**Problem requirements:**
Give back exactly the stretch of data below from the line holding "h)) \<partial>lborel) = ennreal" through the line holding "by (intro ext)", both ends included, and leave the remaining lines out.

**Data shown:**
· · · · · · ·

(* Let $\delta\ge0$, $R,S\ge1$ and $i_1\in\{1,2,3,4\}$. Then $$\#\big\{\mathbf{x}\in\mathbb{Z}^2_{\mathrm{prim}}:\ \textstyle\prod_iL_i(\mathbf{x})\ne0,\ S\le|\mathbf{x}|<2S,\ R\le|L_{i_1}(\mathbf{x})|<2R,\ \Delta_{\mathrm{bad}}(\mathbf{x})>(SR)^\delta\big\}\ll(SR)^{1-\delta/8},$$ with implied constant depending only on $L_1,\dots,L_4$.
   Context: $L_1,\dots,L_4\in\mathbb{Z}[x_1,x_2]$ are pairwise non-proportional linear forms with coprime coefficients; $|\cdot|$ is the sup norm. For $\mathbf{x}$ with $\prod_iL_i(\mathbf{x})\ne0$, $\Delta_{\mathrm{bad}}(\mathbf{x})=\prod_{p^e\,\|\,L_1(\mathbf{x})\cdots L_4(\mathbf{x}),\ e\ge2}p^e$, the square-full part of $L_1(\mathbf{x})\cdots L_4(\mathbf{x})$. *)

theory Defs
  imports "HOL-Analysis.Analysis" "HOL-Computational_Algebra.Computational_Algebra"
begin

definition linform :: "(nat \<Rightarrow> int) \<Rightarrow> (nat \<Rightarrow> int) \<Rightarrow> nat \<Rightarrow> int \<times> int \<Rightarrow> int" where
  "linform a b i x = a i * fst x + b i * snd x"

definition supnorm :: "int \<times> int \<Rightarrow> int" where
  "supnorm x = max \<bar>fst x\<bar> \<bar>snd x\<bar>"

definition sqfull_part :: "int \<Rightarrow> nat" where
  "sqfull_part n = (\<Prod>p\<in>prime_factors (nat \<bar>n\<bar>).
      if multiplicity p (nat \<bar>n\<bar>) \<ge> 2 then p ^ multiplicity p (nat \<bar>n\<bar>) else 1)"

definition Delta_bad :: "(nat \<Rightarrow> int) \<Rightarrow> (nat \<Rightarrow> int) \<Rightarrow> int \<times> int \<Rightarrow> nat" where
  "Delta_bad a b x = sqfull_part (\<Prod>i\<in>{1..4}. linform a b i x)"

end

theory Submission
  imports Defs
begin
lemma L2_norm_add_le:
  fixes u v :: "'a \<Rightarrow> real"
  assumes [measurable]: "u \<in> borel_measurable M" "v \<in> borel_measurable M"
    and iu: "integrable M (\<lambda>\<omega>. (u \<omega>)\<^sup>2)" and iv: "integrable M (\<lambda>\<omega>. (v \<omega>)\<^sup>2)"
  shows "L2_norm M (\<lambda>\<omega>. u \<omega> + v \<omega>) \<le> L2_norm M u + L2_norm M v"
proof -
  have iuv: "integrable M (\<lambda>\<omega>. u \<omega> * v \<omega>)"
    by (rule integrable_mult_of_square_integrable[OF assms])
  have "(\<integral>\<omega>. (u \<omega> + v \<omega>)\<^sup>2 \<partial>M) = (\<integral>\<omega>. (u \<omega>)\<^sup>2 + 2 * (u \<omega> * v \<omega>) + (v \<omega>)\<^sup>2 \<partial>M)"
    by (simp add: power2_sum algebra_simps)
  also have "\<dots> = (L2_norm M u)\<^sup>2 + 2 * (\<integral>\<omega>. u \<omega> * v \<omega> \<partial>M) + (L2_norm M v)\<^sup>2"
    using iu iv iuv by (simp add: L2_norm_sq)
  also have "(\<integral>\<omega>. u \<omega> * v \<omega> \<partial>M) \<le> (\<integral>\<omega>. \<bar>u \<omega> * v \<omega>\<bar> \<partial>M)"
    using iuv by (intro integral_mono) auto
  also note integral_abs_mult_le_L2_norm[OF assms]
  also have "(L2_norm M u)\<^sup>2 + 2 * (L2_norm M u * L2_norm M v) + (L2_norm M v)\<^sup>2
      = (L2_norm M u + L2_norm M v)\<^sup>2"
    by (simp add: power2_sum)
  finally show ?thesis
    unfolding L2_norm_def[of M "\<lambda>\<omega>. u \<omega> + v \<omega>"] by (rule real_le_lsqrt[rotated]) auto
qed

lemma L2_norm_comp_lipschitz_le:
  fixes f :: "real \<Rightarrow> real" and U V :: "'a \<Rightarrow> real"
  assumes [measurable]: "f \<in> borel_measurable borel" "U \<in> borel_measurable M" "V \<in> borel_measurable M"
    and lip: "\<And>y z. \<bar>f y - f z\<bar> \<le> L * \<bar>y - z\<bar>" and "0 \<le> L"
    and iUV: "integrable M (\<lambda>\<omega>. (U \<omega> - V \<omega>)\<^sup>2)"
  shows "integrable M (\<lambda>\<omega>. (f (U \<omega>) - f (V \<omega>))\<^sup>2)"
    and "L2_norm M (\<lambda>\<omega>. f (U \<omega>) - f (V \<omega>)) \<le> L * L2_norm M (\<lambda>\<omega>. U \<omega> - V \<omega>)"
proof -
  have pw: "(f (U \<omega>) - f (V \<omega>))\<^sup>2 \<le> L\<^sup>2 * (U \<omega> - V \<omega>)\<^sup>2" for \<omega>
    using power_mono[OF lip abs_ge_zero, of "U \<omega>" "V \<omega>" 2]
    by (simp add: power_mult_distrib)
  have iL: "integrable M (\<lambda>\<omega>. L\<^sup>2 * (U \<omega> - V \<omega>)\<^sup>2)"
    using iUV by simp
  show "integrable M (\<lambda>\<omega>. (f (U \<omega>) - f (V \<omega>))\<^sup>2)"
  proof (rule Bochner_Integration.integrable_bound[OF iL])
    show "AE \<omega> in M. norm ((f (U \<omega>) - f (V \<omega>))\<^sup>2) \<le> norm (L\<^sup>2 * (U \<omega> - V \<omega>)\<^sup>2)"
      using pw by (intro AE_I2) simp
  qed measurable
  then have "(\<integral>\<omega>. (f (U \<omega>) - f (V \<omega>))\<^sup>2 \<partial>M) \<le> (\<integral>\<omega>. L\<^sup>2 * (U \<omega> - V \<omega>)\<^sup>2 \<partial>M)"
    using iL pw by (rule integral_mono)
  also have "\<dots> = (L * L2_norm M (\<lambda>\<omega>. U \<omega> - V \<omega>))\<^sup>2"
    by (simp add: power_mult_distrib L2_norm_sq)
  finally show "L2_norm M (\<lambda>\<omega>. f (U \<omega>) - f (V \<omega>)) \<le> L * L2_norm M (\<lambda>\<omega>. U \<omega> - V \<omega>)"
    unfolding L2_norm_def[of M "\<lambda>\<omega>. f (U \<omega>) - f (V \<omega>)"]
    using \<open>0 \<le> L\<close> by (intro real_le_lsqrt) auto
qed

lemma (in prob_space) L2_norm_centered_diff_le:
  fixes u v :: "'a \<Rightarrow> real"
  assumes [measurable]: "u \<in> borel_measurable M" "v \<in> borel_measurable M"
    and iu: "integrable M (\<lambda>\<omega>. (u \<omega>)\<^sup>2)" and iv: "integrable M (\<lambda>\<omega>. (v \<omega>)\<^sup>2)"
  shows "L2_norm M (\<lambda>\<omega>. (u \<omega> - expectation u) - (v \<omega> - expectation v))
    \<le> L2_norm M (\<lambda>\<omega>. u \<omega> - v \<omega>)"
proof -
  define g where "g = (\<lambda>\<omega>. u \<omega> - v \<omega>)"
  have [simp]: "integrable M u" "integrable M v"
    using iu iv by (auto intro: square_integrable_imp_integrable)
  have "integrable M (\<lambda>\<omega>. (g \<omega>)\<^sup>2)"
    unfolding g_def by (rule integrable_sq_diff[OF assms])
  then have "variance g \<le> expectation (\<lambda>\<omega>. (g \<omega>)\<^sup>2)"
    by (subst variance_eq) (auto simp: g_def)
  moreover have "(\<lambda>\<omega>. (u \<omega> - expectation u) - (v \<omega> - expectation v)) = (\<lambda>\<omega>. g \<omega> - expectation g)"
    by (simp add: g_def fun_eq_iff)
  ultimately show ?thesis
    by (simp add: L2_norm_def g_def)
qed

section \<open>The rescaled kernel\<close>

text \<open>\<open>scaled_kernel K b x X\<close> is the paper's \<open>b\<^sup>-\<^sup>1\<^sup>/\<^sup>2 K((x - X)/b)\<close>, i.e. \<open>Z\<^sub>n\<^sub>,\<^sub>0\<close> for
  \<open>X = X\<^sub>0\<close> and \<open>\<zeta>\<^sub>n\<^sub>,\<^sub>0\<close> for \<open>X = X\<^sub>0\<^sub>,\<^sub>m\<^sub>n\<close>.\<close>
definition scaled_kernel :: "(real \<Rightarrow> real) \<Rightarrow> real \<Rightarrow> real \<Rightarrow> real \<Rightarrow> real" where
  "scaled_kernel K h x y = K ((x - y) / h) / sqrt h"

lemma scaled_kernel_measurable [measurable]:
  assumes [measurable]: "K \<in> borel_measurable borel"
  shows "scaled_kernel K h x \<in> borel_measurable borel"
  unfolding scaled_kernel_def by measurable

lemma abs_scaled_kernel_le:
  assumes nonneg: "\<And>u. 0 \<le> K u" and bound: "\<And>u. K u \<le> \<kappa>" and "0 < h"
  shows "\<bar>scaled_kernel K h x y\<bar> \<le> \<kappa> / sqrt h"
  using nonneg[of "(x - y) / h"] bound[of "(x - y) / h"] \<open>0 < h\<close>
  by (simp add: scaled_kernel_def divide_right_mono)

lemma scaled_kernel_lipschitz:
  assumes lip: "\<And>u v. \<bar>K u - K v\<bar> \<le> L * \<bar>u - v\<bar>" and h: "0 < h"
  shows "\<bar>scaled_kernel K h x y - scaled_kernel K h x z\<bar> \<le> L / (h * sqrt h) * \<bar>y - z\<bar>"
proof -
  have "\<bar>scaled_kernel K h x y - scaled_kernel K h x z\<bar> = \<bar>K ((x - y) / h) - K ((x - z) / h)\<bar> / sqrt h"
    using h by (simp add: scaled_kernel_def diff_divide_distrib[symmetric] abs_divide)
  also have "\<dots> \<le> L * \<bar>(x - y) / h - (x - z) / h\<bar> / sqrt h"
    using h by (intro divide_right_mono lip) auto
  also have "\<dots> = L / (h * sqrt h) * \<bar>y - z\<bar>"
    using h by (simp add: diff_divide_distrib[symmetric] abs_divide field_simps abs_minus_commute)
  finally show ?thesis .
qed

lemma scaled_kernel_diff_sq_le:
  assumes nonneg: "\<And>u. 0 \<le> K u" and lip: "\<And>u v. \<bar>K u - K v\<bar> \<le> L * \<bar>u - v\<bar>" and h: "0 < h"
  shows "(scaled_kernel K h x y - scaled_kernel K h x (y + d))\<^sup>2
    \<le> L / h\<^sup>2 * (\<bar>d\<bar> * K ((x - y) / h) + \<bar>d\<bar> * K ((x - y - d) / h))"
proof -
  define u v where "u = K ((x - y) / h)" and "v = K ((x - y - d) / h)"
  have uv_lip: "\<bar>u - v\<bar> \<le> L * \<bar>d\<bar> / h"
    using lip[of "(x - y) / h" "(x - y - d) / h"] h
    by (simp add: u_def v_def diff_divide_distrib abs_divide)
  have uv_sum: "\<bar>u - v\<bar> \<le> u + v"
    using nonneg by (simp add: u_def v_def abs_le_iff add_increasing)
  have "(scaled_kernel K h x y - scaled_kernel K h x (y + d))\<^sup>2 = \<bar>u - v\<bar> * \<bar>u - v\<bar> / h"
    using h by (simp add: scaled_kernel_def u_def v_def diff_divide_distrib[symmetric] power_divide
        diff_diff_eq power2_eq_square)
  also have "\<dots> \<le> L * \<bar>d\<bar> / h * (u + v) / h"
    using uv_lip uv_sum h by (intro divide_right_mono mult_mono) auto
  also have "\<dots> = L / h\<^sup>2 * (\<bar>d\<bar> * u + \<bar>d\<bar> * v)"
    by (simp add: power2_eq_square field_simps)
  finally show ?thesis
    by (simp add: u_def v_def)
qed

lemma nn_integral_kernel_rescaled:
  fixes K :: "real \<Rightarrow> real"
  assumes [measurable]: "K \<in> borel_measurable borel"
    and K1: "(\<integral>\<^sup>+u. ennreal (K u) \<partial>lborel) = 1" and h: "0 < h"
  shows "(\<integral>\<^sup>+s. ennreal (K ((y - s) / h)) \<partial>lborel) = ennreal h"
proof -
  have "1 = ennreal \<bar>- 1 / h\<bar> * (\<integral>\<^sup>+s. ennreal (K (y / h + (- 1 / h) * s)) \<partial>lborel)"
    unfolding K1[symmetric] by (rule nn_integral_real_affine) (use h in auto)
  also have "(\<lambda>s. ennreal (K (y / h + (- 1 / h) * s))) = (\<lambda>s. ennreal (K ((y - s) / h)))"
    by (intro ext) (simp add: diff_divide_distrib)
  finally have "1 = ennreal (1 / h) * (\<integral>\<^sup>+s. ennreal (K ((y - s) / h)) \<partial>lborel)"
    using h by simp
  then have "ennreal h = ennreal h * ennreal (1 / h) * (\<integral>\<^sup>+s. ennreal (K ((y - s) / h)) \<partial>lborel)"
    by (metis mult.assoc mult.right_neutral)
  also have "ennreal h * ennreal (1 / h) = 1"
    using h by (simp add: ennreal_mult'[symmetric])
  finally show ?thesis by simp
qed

· · · · · · ·

**The completed task:**
  shows "(\<integral>\<^sup>+s. ennreal (K ((y - s) / h)) \<partial>lborel) = ennreal h"
proof -
  have "1 = ennreal \<bar>- 1 / h\<bar> * (\<integral>\<^sup>+s. ennreal (K (y / h + (- 1 / h) * s)) \<partial>lborel)"
    unfolding K1[symmetric] by (rule nn_integral_real_affine) (use h in auto)
  also have "(\<lambda>s. ennreal (K (y / h + (- 1 / h) * s))) = (\<lambda>s. ennreal (K ((y - s) / h)))"
    by (intro ext) (simp add: diff_divide_distrib)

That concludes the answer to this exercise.